There are problems with American government, but these are really not them. The only thing here that might hold water is the President having too much authority, and that's been a relatively recent trend.
I dunno. As an American, the case-based law thing really pisses me off because it means you can't know what law applies to you in a given situation without knowing the entire history of legal cases that touch that area. And I'd prefer something more like preference voting for the president. I'm obviously not holding my breath on any of these points.
That's just an excuse. Germany and UK have much higher populations and manage to achieve similar results. The "more homogeneous" argument is weird to me. Most immigrants that I've dealt with are more inline with the European mentality (regardless of their country of origin) than US natives. Are you saying the problem is with the locals?
A valid question and one that is getting much less attention than it deserves (probably because some of the answers are rather uncomfortable).
Locally, welfare can be egoistically motivated. Just about everybody would be willing to pay serious taxes to raise that one beggar off his doorstep - if only to keep him out of sight. We like to think of that as altruism, but it hardly is. Now ask those same people to pay serious taxes for the benefit of poor people thousands of miles away and you get a completely different picture.

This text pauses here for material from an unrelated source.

(* Let $T$ be a lifted graph, $F\colon T\to T$ a continuous sun-like map of degree 1, ${\cal P}$ a basic partition of $F$ and ${\cal G}$ its covering graph. If $(A_n)_{n\ge0}$ is the itinerary of some point $x\in X^\infty$ and $\alpha_n:=A_0\dots A_n/\!\sim$, then $(\alpha_n)_{n\ge0}$ is an infinite path in ${\cal G}$. Conversely, if $(\alpha_n)_{n\ge0}$ is an infinite path in ${\cal G}$ with $H(\alpha_0)=k$, then there exists a point $x\in X^\infty$ whose itinerary $(A_n)_{n\ge0}$ satisfies $\alpha_n=A_0\dots A_{n+k}/\!\sim$ for all $n\ge0$.
   Context: A lifted graph is a connected topological space $T$ with a homeomorphism $h\colon\mathbb R\to h(\mathbb R)\subset T$ and a homeomorphism $\tau\colon T\to T$ such that $\tau(h(x))=h(x+1)$, the closure of each connected component of $T\setminus h(\mathbb R)$ is a topological finite graph meeting $h(\mathbb R)$ in exactly one point, and only finitely many such components have closure meeting $h([0,1])$. Identify $h(\mathbb R)$ with $\mathbb R$, write $x+m:=\tau^m(x)$; $r_{\mathbb R}\colon T\to\mathbb R$ is the identity on $\mathbb R$ and maps a component $C$ of $T\setminus\mathbb R$ to the point $\overline C\cap\mathbb R$. $F$ has degree 1 if $F(x+1)=F(x)+1$. Let $T_{\mathbb R}:=\overline{\bigcup_{n\ge0}F^n(\mathbb R)}$, $X:=\overline{T\setminus T_{\mathbb R}}\cap r_{\mathbb R}^{-1}([0,1))$. $F$ is sun-like if $(T\setminus T_{\mathbb R})\cap r_{\mathbb R}^{-1}([0,1))$ consists of finitely many intervals with pairwise disjoint closures $X^i$, $i\in\Lambda$ (branches), each a compact interval meeting $T_{\mathbb R}$ in one endpoint $\min X^i$ (fixing the order of $X^i$). $X^\infty:=\{x\in X:F^n(x)\in X+\mathbb Z\ \forall n\ge0\}$. A basic partition is a finite family ${\cal P}=\{X^i_j\}$ of pairwise disjoint nonempty compact intervals $X^i_1<\dots<X^i_{N_i}$ in $X^i$, with $\ell(X^i_j)\in\Lambda$, $p(X^i_j)\in\mathbb Z$, such that $F(X^i_j)\subset(X^{\ell(X^i_j)}+p(X^i_j))\cup\mathrm{Int}(T_{\mathbb R})$, $F(\min X^i_j)=\min X^{\ell(X^i_j)}+p(X^i_j)$, and $F(X\setminus\bigcup X^i_j)\cap(X+\mathbb Z)=\emptyset$. For $x\in X^\infty$ and each $n\ge0$ there is a unique $A_n\in{\cal P}$ with $F^n(x)\in A_n+\mathbb Z$; $(A_n)_{n\ge0}$ is the itinerary of $x$. For $A_0,\dots,A_n\in{\cal P}$, $\langle A_0\dots A_n\rangle:=F^n(\{x\in T: F^i(x)\in A_i+\mathbb Z,\ 0\le i\le n\})\cap X$. $A_0\dots A_n\sim B_0\dots B_m$ iff for some $k\le\min(n,m)$, $A_{n-i}=B_{m-i}$ ($0\le i\le k$) and $\langle A_0\dots A_{n-k}\rangle=A_{n-k}=B_{m-k}=\langle B_0\dots B_{m-k}\rangle$. The covering graph ${\cal G}$: vertices are classes $A_0\dots A_n/\!\sim$ with $\langle A_0\dots A_n\rangle\ne\emptyset$; arrow $\alpha\to\beta$ iff $\alpha=A_0\dots A_n/\!\sim$, $\beta=A_0\dots A_nA_{n+1}/\!\sim$ for some $A_i\in{\cal P}$. An infinite path is a sequence of vertices $(\alpha_n)$ with $\alpha_n\to\alpha_{n+1}$ for all $n$. The significant part of $A_0\dots A_n$ is $A_i\dots A_n$ with $i$ largest such that $A_0\dots A_n\sim A_i\dots A_n$; the height of its class is $H:=n-i$. *)

theory Defs
  imports "HOL-Analysis.Analysis"
begin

Enter mobility: If you raise "your" beggar, someone else might just hope that theirs will go to a place where they will be raised (your doorstep). Clearly, egoism won't work as a motivator anymore because you don't want to be the new charity central. Therefore, welfare has to happen on the same organizational level as freedom of movement and that's where the relative unwillingness to help those thousands of miles away comes in again. Even basic income suggestions quickly lose their pie in the sky utopia feel when it comes to the question of access/citizenship/migration.
The US was literally built on mobility as a substitute of welfare, but once the original anti-welfare "stay poor or go west" was exhausted, the inherent antagonism between mobility and welfare continued to stay obscured behind other ideological concepts, "temporarily embarrassed millionaires" and all that. The EU is learning the hard way, but it is impossible to separate valid concerns and solution-finding from all the noise of and about stupid racism.
As technologists, we also know that getting popular is one of the worst things that can happen to a community. Scaling community and relationships is super hard.